Arriveranno in seguito alla valutazione ministeriale della programmazione triennale presentata dall’Ateneo catanese, valida per il trienno 2016-18, e per il quale è riuscito ad ottenere l’84% della somma inizialmente richiesta.

Sarà pari a 3,2 milioni di euro la nuova linfa che entrerà nelle casse dell’Università degli Studi di Catania in seguito all’ammontare della cifra richiesta per il piano triennale che, grazie ad un co-finanziamento dello stesso Ateneo siculo, porterà all’espletazione di tre nuove “azioni“. Tali attività riguarderanno in particolare l’orientamento in entrare, itinere ed uscita, il potenziamento dell’internazionalizzazione e la formazione dei docenti in termini di qualità della didattica e competenza trasversali degli studenti.

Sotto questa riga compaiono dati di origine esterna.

(* Let $2\le k\le mn$, fix $p_x\in\mathcal{P}_k$, let $\Omega$ be a convex subset of $M_{m\times n}(\mathbb{C})$, and let $\Omega_d$ be the set of matrices in $\Omega$ having distinct zeros with respect to $p_x$. Then $\Omega_d$ is dense in $\Omega$ if and only if $\Omega_d$ is nonempty.
   Context: $M_{m\times n}(\mathbb{C})$ is the set of $m\times n$ complex matrices with the topology induced by the Frobenius norm. Let $\mathbb{C}_k[x]$ be the set of complex polynomials of degree $k$ and $\mathbb{C}^k_{\mathrm{sym}}$ the set of unordered $k$-tuples of complex numbers; $r_k:\mathbb{C}_k[x]\to\mathbb{C}^k_{\mathrm{sym}}$ sends a polynomial to the unordered $k$-tuple of its roots (with multiplicity). $\mathcal{P}_k$ is the set of maps $p_x:M_{m\times n}(\mathbb{C})\to\mathbb{C}_k[x]$ of the form $p_x(A)=x^k+\sum_{i=1}^{k}q_i(A)x^{i-1}$, where each $q_i(A)$ is a polynomial function of the entries of $A$, such that $r_k(p_x(M_{m\times n}(\mathbb{C})))=\mathbb{C}^k_{\mathrm{sym}}$. $A$ has distinct zeros with respect to $p_x$ if the polynomial $p_x(A)$ (in $x$) has $k$ pairwise distinct roots. *)

theory Defs
  imports "HOL-Analysis.Analysis" "HOL-Computational_Algebra.Polynomial"
begin

text \<open>Complex m x n matrices: complex^'n^'m. The norm on this type is the
  Euclidean (l2) norm of all entries, i.e. the Frobenius norm.\<close>

inductive_set matrix_poly_fun :: "(complex^'n^'m \<Rightarrow> complex) set" where
  const: "(\<lambda>A. c) \<in> matrix_poly_fun"
| entry: "(\<lambda>A. A $ i $ j) \<in> matrix_poly_fun"
| add: "f \<in> matrix_poly_fun \<Longrightarrow> g \<in> matrix_poly_fun \<Longrightarrow> (\<lambda>A. f A + g A) \<in> matrix_poly_fun"
| mult: "f \<in> matrix_poly_fun \<Longrightarrow> g \<in> matrix_poly_fun \<Longrightarrow> (\<lambda>A. f A * g A) \<in> matrix_poly_fun"

definition px :: "nat \<Rightarrow> (nat \<Rightarrow> complex^'n^'m \<Rightarrow> complex) \<Rightarrow> complex^'n^'m \<Rightarrow> complex poly" where
  "px k q A = monom 1 k + (\<Sum>i=1..k. monom (q i A) (i - 1))"

definition in_P :: "nat \<Rightarrow> (nat \<Rightarrow> complex^'n^'m \<Rightarrow> complex) \<Rightarrow> bool" where
  "in_P k q \<longleftrightarrow> (\<forall>i\<in>{1..k}. q i \<in> matrix_poly_fun) \<and>
     (\<forall>R :: complex multiset. size R = k \<longrightarrow> (\<exists>A. proots (px k q A) = R))"

definition distinct_zeros :: "nat \<Rightarrow> (nat \<Rightarrow> complex^'n^'m \<Rightarrow> complex) \<Rightarrow> complex^'n^'m \<Rightarrow> bool" where
  "distinct_zeros k q A \<longleftrightarrow> card {x. poly (px k q A) x = 0} = k"

end

theory Submission
  imports Defs Subresultants.Subresultant_Gcd "HOL-Computational_Algebra.Fundamental_Theorem_Algebra"
    "HOL-Computational_Algebra.Field_as_Ring"
begin

text \<open>Along the segment from B to a matrix A0 with distinct zeros, the resultant of p_x and
  its derivative is a polynomial in the real parameter t that does not vanish at t = 1
  (where the segment reaches A0). It therefore has only finitely many real zeros, so all but
  finitely many points of the segment have distinct zeros, and these points, which lie in the
  convex set \<Omega>, accumulate at B.\<close>

lemma card_set_mset_eq_size_iff:
  "card (set_mset M) = size M \<longleftrightarrow> (\<forall>x. count M x \<le> 1)"
proof -
  let ?M' = "mset_set (set_mset M)"
  have sub: "?M' \<subseteq># M"
    by (rule mset_set_set_mset_msubset)
  have size_M': "size ?M' = card (set_mset M)" by simp
  show ?thesis
  proof
    assume "card (set_mset M) = size M"
    then have "?M' = M" using sub size_M'
      by (metis mset_subset_size subset_mset.not_eq_order_implies_strict nat_less_le)
    then show "\<forall>x. count M x \<le> 1"
      by (metis count_mset_set' le_numeral_extra(4) zero_le)
  next
    assume "\<forall>x. count M x \<le> 1"
    then have "?M' = M"
      by (intro multiset_eqI) (auto simp add: count_mset_set' le_antisym Suc_leI count_eq_zero_iff)
    then show "card (set_mset M) = size M" using size_M' by simp
  qed
qed

lemma card_roots_eq_degree_iff_rsquarefree:
  fixes p :: "complex poly"
  assumes "p \<noteq> 0"
  shows "card {x. poly p x = 0} = degree p \<longleftrightarrow> rsquarefree p"
proof -
  have "card {x. poly p x = 0} = degree p \<longleftrightarrow> card (set_mset (proots p)) = size (proots p)"
    using assms by (simp add: set_count_proots size_proots_complex)
  also have "\<dots> \<longleftrightarrow> (\<forall>x. order x p \<le> 1)"
    unfolding card_set_mset_eq_size_iff count_proots[OF assms] by (rule refl)
  also have "\<dots> \<longleftrightarrow> rsquarefree p"
    using assms unfolding rsquarefree_def by (metis le_Suc_eq le_zero_eq One_nat_def)
  finally show ?thesis .
qed

lemma resultant_pderiv_neq_0_iff_rsquarefree:
  fixes p :: "complex poly"
  assumes "p \<noteq> 0"
  shows "resultant p (pderiv p) \<noteq> 0 \<longleftrightarrow> rsquarefree p"
proof -
  let ?g = "gcd p (pderiv p)"
  have "?g \<noteq> 0" using assms by simp
  have roots_gcd: "poly ?g z = 0 \<longleftrightarrow> poly p z = 0 \<and> poly (pderiv p) z = 0" for z
    by (simp only: poly_eq_0_iff_dvd gcd_greatest_iff)
  have "degree ?g = 0 \<longleftrightarrow> (\<forall>z. poly ?g z \<noteq> 0)"
  proof
    assume "degree ?g = 0"
    then obtain c where "?g = [:c:]" by (metis degree_eq_zeroE)
    with \<open>?g \<noteq> 0\<close> show "\<forall>z. poly ?g z \<noteq> 0" by auto
  next
    assume "\<forall>z. poly ?g z \<noteq> 0"
    then have "set_mset (proots ?g) = {}"
      unfolding set_count_proots[OF \<open>?g \<noteq> 0\<close>] by blast
    then have "proots ?g = {#}" by simp
    then show "degree ?g = 0" using size_proots_complex[of ?g] by simp
  qed
  moreover have "resultant p (pderiv p) \<noteq> 0 \<longleftrightarrow> degree ?g = 0"
    using resultant_0_gcd[of p "pderiv p"] by blast
  ultimately show ?thesis
    unfolding rsquarefree_roots[of p] by (simp add: roots_gcd)
qed

lemma resultant_pderiv_map_poly_eval:
  fixes Q :: "'a::{idom,ring_char_0} poly poly"
  assumes "degree (map_poly (\<lambda>p. poly p t) Q) = degree Q"
  shows "resultant (map_poly (\<lambda>p. poly p t) Q) (pderiv (map_poly (\<lambda>p. poly p t) Q))
           = poly (resultant Q (pderiv Q)) t"
  unfolding poly_hom.map_poly_pderiv[symmetric]
  by (rule poly_hom.resultant_map_poly) (simp_all add: assms poly_hom.map_poly_pderiv degree_pderiv)

lemma degree_monom_one_plus_lower:
  fixes c :: "nat \<Rightarrow> 'a::comm_ring_1"
  assumes "k \<ge> 1"
  shows "degree (monom 1 k + (\<Sum>i=1..k. monom (c i) (i - 1))) = k"
proof -
  have "degree (\<Sum>i=1..k. monom (c i) (i - 1)) \<le> k - 1"
    by (rule degree_sum_le) (auto intro: order.trans[OF degree_monom_le])
  also have "\<dots> < degree (monom (1::'a) k)"
    using assms by (simp add: degree_monom_eq)
  finally show ?thesis
    by (simp add: degree_add_eq_left degree_monom_eq)
qed

lemma degree_px: "k \<ge> 1 \<Longrightarrow> degree (px k q A) = k"
  unfolding px_def by (rule degree_monom_one_plus_lower)

lemma distinct_zeros_iff_resultant_pderiv:
  assumes "k \<ge> 1"
  shows "distinct_zeros k q A \<longleftrightarrow> resultant (px k q A) (pderiv (px k q A)) \<noteq> 0"
proof -
  have "px k q A \<noteq> 0"
    using degree_px[OF assms, of q A] assms by auto
  then show ?thesis
    using card_roots_eq_degree_iff_rsquarefree[of "px k q A"]
      resultant_pderiv_neq_0_iff_rsquarefree[of "px k q A"]
    by (simp add: distinct_zeros_def degree_px[OF assms])
qed

lemma matrix_poly_fun_on_segment:
  fixes A B :: "complex^'n^'m"
  assumes "f \<in> matrix_poly_fun"
  shows "\<exists>r. \<forall>t::real. f ((1 - t) *\<^sub>R B + t *\<^sub>R A) = poly r (of_real t)"
  using assms
proof (induction rule: matrix_poly_fun.induct)
  case (const c)
  show ?case by (intro exI[of _ "[:c:]"]) simp
next
  case (entry i j)
  show ?case
  proof (intro exI[of _ "[:B $ i $ j, A $ i $ j - B $ i $ j:]"] allI)
    fix t :: real
    have "((1 - t) *\<^sub>R B + t *\<^sub>R A) $ i $ j = (1 - t) *\<^sub>R B $ i $ j + t *\<^sub>R A $ i $ j"
      by (simp only: vector_add_component vector_scaleR_component)
    then show "((1 - t) *\<^sub>R B + t *\<^sub>R A) $ i $ j = poly [:B $ i $ j, A $ i $ j - B $ i $ j:] (of_real t)"
      by (simp add: scaleR_conv_of_real algebra_simps)
  qed
next
  case (add f g)
  then obtain r s where "\<forall>t::real. f ((1 - t) *\<^sub>R B + t *\<^sub>R A) = poly r (of_real t)"
    and "\<forall>t::real. g ((1 - t) *\<^sub>R B + t *\<^sub>R A) = poly s (of_real t)" by blast
  then show ?case by (intro exI[of _ "r + s"]) simp
next
  case (mult f g)
  then obtain r s where "\<forall>t::real. f ((1 - t) *\<^sub>R B + t *\<^sub>R A) = poly r (of_real t)"
    and "\<forall>t::real. g ((1 - t) *\<^sub>R B + t *\<^sub>R A) = poly s (of_real t)" by blast
  then show ?case by (intro exI[of _ "r * s"]) simp
qed

lemma distinct_zeros_on_segment_iff_poly:
  fixes A B :: "complex^'n^'m"
  assumes "k \<ge> 1" and "\<forall>i\<in>{1..k}. q i \<in> matrix_poly_fun"
  obtains D :: "complex poly"
  where "\<And>t. distinct_zeros k q ((1 - t) *\<^sub>R B + t *\<^sub>R A) \<longleftrightarrow> poly D (of_real t) \<noteq> 0"
proof -
  let ?eval = "\<lambda>t::real. map_poly (\<lambda>p. poly p (of_real t))"
  have "\<forall>i\<in>{1..k}. \<exists>r. \<forall>t::real. q i ((1 - t) *\<^sub>R B + t *\<^sub>R A) = poly r (of_real t)"
    using matrix_poly_fun_on_segment assms(2) by blast
  then obtain R
    where R: "\<And>i t. i \<in> {1..k} \<Longrightarrow> q i ((1 - t) *\<^sub>R B + t *\<^sub>R A) = poly (R i) (of_real t)"
    by metis
  define Q :: "complex poly poly" where "Q = monom 1 k + (\<Sum>i=1..k. monom (R i) (i - 1))"
  have "?eval t (sum f I) = (\<Sum>i\<in>I. ?eval t (f i))" for t and f :: "nat \<Rightarrow> complex poly poly" and I
    by (induction I rule: infinite_finite_induct) (simp_all add: map_poly_add)
  then have eval_Q: "?eval t Q = px k q ((1 - t) *\<^sub>R B + t *\<^sub>R A)" for t
    unfolding Q_def px_def by (simp add: hom_distribs R)
  have "degree Q = k"
    unfolding Q_def using assms(1) by (rule degree_monom_one_plus_lower)
  then have "degree (?eval t Q) = degree Q" for t
    by (simp add: eval_Q degree_px[OF assms(1)])
  then show ?thesis
    by (intro that[of "resultant Q (pderiv Q)"])
       (simp add: distinct_zeros_iff_resultant_pderiv[OF assms(1)] resultant_pderiv_map_poly_eval
          flip: eval_Q)
qed

lemma segment_start_in_closure_cofinite:
  fixes A B :: "'a::real_normed_vector"
  assumes "finite F"
  shows "B \<in> closure ((\<lambda>t. (1 - t) *\<^sub>R B + t *\<^sub>R A) ` ({0<..<1} - F))"
    (is "_ \<in> closure (?seg ` _)")
proof -
  have "0 islimpt (F \<union> ({0<..<1} - F))"
    by (rule islimpt_subset[OF islimpt_greaterThanLessThan1]) auto
  then have "0 islimpt ({0<..<1} - F)"
    by (simp only: islimpt_Un_finite[OF assms])
  then have "0 \<in> closure ({0<..<1} - F)"
    by (simp add: closure_def)
  moreover have "?seg ` closure ({0<..<1} - F) \<subseteq> closure (?seg ` ({0<..<1} - F))"
    by (rule image_closure_subset) (auto intro!: continuous_intros closure_subset)
  ultimately have "?seg 0 \<in> closure (?seg ` ({0<..<1} - F))"
    by blast
  then show ?thesis
    by simp
qed

lemma convex_subset_closure_distinct_zeros:
  assumes "k \<ge> 1" and "\<forall>i\<in>{1..k}. q i \<in> matrix_poly_fun"
    and "convex \<Omega>" and "A0 \<in> \<Omega>" and "distinct_zeros k q A0"
  shows "\<Omega> \<subseteq> closure {A \<in> \<Omega>. distinct_zeros k q A}"
proof
  fix B assume "B \<in> \<Omega>"
  let ?seg = "\<lambda>t. (1 - t) *\<^sub>R B + t *\<^sub>R A0"
  obtain D :: "complex poly" where D: "\<And>t. distinct_zeros k q (?seg t) \<longleftrightarrow> poly D (of_real t) \<noteq> 0"
    using distinct_zeros_on_segment_iff_poly[OF assms(1,2)] by metis
  let ?bad = "{t::real. poly D (of_real t) = 0}"
  have "D \<noteq> 0"
    using D[of 1] \<open>distinct_zeros k q A0\<close> by auto
  then have "finite (of_real -` {z. poly D z = 0} :: real set)"
    by (intro finite_vimageI poly_roots_finite inj_of_real)
  then have "B \<in> closure (?seg ` ({0<..<1} - ?bad))"
    by (intro segment_start_in_closure_cofinite) (simp add: vimage_def)
  moreover have "?seg t \<in> {A \<in> \<Omega>. distinct_zeros k q A}" if "t \<in> {0<..<1} - ?bad" for t
    using that convexD[OF \<open>convex \<Omega>\<close> \<open>B \<in> \<Omega>\<close> \<open>A0 \<in> \<Omega>\<close>, of "1 - t" t] D[of t] by simp
  then have "closure (?seg ` ({0<..<1} - ?bad)) \<subseteq> closure {A \<in> \<Omega>. distinct_zeros k q A}"
    by (intro closure_mono image_subsetI)
  ultimately show "B \<in> closure {A \<in> \<Omega>. distinct_zeros k q A}"
    by (rule subsetD[rotated])
qed

theorem theorem5p5:
  fixes k :: nat and q :: "nat \<Rightarrow> complex^'n^'m \<Rightarrow> complex"
    and \<Omega> :: "(complex^'n^'m) set"
  assumes "2 \<le> k" and "k \<le> CARD('m) * CARD('n)"
    and "in_P k q"
    and "convex \<Omega>" and "\<Omega> \<noteq> {}"
  shows "\<Omega> \<subseteq> closure {A \<in> \<Omega>. distinct_zeros k q A} \<longleftrightarrow>
         {A \<in> \<Omega>. distinct_zeros k q A} \<noteq> {}"
proof
  assume "\<Omega> \<subseteq> closure {A \<in> \<Omega>. distinct_zeros k q A}"
  with \<open>\<Omega> \<noteq> {}\<close> show "{A \<in> \<Omega>. distinct_zeros k q A} \<noteq> {}"
    by (metis closure_empty subset_empty)
next
  assume "{A \<in> \<Omega>. distinct_zeros k q A} \<noteq> {}"
  then obtain A0 where "A0 \<in> \<Omega>" and "distinct_zeros k q A0" by auto
  moreover have "k \<ge> 1" and "\<forall>i\<in>{1..k}. q i \<in> matrix_poly_fun"
    using assms(1,3) unfolding in_P_def by auto
  ultimately show "\<Omega> \<subseteq> closure {A \<in> \<Omega>. distinct_zeros k q A}"
    using convex_subset_closure_distinct_zeros \<open>convex \<Omega>\<close> by blast
qed

end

  • Orientamento in ingresso, itinere ed uscita ai fini della riduzione della dispersione (accordati 1.576.000 euro, pari all’80% della richiesta) per le attività di tutorato senior, i progetti MatIta e Incipit e le attività del Cinap per il sostegno a studenti con disabilità;
  • Potenziamento della internazionalizzazione (accordati 1.130.000 Euro, pari all’80% della richiesta) per attività di erogazione di corsi di lingua italiana per studenti stranieri, per il potenziamento di convenzioni per alloggi per studenti stranieri e la card e dell’area in lingua straniera del sito web, per incentivi ai Dipartimenti per favorire mobilità e convenzioni con Atenei esteri e per il sostegno alla mobilità degli studenti;
  • Erogazione di attività di formazione rivolte a docenti per migliorare la qualità della didattica e rafforzare le competenze trasversali degli studenti (accordati 720.000 Euro, pari al 100% di quanto richiesto) per seminari formativi ai docenti, ai tutor e ai presidenti di corso di studio per la diffusione di metodologie didattiche innovative, per il potenziamento di pratiche didattiche specifiche per gli studenti del primo anno di università e per attività di aggiornamento normativo e diffusione di best practices.

In particolare, come dichiarato dallo stesso Ateneo “Quest’ultima azione rappresenta una “novità” nell’ambito dei piani triennali e nelle prossime settimane le specifiche attività saranno presentate alla comunità accademica“.